— Давайте, право, — дергая себя за пышный ус, стал просить нотариус.

— Еще главку от Матфея, бога для, Гордей Гордеич… — пробасил из угла огненно-рыжий дьякон- расстрига Иеремия Завулонский.

— А сколько потребуется времени на полный комплект истории? — спросил дядя Саша.

— Не меньше получаса! — ответил Гордей Гордеич. По всему видно было, что рассказчик не прочь досказать историю про Нику.

— Рассказывайте! А что пуделять будем — это уже не ваша забота. Я и без того завсегда на первых выходах мажу, милости нет… — упрашивал молотобоец Тима Гускин.

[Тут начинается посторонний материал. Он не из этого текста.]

(* Let $n\ge 3$, let $G_1$ be the star graph on $n$ nodes with Laplacian $Q_1$, and let $G_1^c$ be its complement, with Laplacian $nI-J-Q_1$ ($J$ the $n\times n$ all-one matrix). For $p\ge0$ let $$Q(p)=\begin{bmatrix} Q_1+npI & -pJ\\ -pJ & nI-J-Q_1+npI\end{bmatrix},$$ with eigenvalues $0=\mu_N(p)\le\mu_{N-1}(p)\le\mu_{N-2}(p)\le\dots\le\mu_1(p)$, $N=2n$. Then for every $p>0$ the eigenvalue $2np$ of $Q(p)$ is not the second smallest eigenvalue, i.e. $\mu_{N-1}(p)\neq 2np$ (so no structural transition of the algebraic connectivity exists); moreover, $\mu_{N-2}(p)=2np$ if and only if $0<p\le \frac1n$, i.e. the transition of the third smallest eigenvalue occurs at $p^*_{N-2}=\frac1n$.
   Context: $2np$ is an eigenvalue of $Q(p)$ with eigenvector $[u^T,-u^T]^T$, $u$ the all-one vector. $Q(p)$ is the Laplacian of the star coupled to its (disconnected) complement by an $n$-to-$n$ interconnection of weight $p$. *)

theory Defs
  imports "Jordan_Normal_Form.Matrix" "Jordan_Normal_Form.Char_Poly"
begin

definition graph_laplacian :: "nat \<Rightarrow> (nat \<Rightarrow> nat \<Rightarrow> bool) \<Rightarrow> real mat" where
  "graph_laplacian n E = mat n n (\<lambda>(i,j).
      if i = j then real (card {k\<in>{0..<n}. k \<noteq> i \<and> E i k})
      else if E i j then -1 else 0)"

definition star_edge :: "nat \<Rightarrow> nat \<Rightarrow> bool" where
  "star_edge i j \<longleftrightarrow> i \<noteq> j \<and> (i = 0 \<or> j = 0)"

definition star_laplacian :: "nat \<Rightarrow> real mat" where
  "star_laplacian n = graph_laplacian n star_edge"

definition J_mat :: "nat \<Rightarrow> real mat" where
  "J_mat n = mat n n (\<lambda>_. 1)"

definition Qp :: "nat \<Rightarrow> real \<Rightarrow> real mat" where
  "Qp n p = four_block_mat
     (star_laplacian n + (real n * p) \<cdot>\<^sub>m 1\<^sub>m n)
     ((- p) \<cdot>\<^sub>m J_mat n)
     ((- p) \<cdot>\<^sub>m J_mat n)
     (real n \<cdot>\<^sub>m 1\<^sub>m n - J_mat n - star_laplacian n + (real n * p) \<cdot>\<^sub>m 1\<^sub>m n)"

(* eigenvalues (with algebraic multiplicity) in ascending order: the sorted list of
   roots of the characteristic polynomial (defined when it splits over the reals,
   which is the case for real symmetric matrices) *)
definition eigvals_asc :: "real mat \<Rightarrow> real list" where
  "eigvals_asc A = (THE xs. sorted xs \<and> length xs = dim_row A \<and>
       char_poly A = (\<Prod>x\<leftarrow>xs. [:- x, 1:]))"

(* mu A k for k = 1..N (N = dimension): mu_N \<le> ... \<le> mu_1 *)
definition mu :: "real mat \<Rightarrow> nat \<Rightarrow> real" where
  "mu A k = eigvals_asc A ! (dim_row A - k)"

end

— Действительно, рассказывайте-ка, Гордей Гордеич. В могиле, как говорят бывалые, отоспимся, а пока живы, да еще на охоте, какой уж тут сон!.. — присоединил голос бывший инспектор городского училища, тучный старик Борзятников.

— Ну, воля ваша, а только завтра, чур, не обзаживать, не портить птицы, — сдался рассказчик.

— Все мы, охотники, как известно, с рождества ждем весны. Но, уверен, всех нетерпеливей ждет ее Ника.

Еще до весны, как говорится, семь верст, а он уже поджидает прилета первых пар уток. Выйдет ночью из прокисшей за зиму избушки и слушает, ждет желанного свиста крыльев.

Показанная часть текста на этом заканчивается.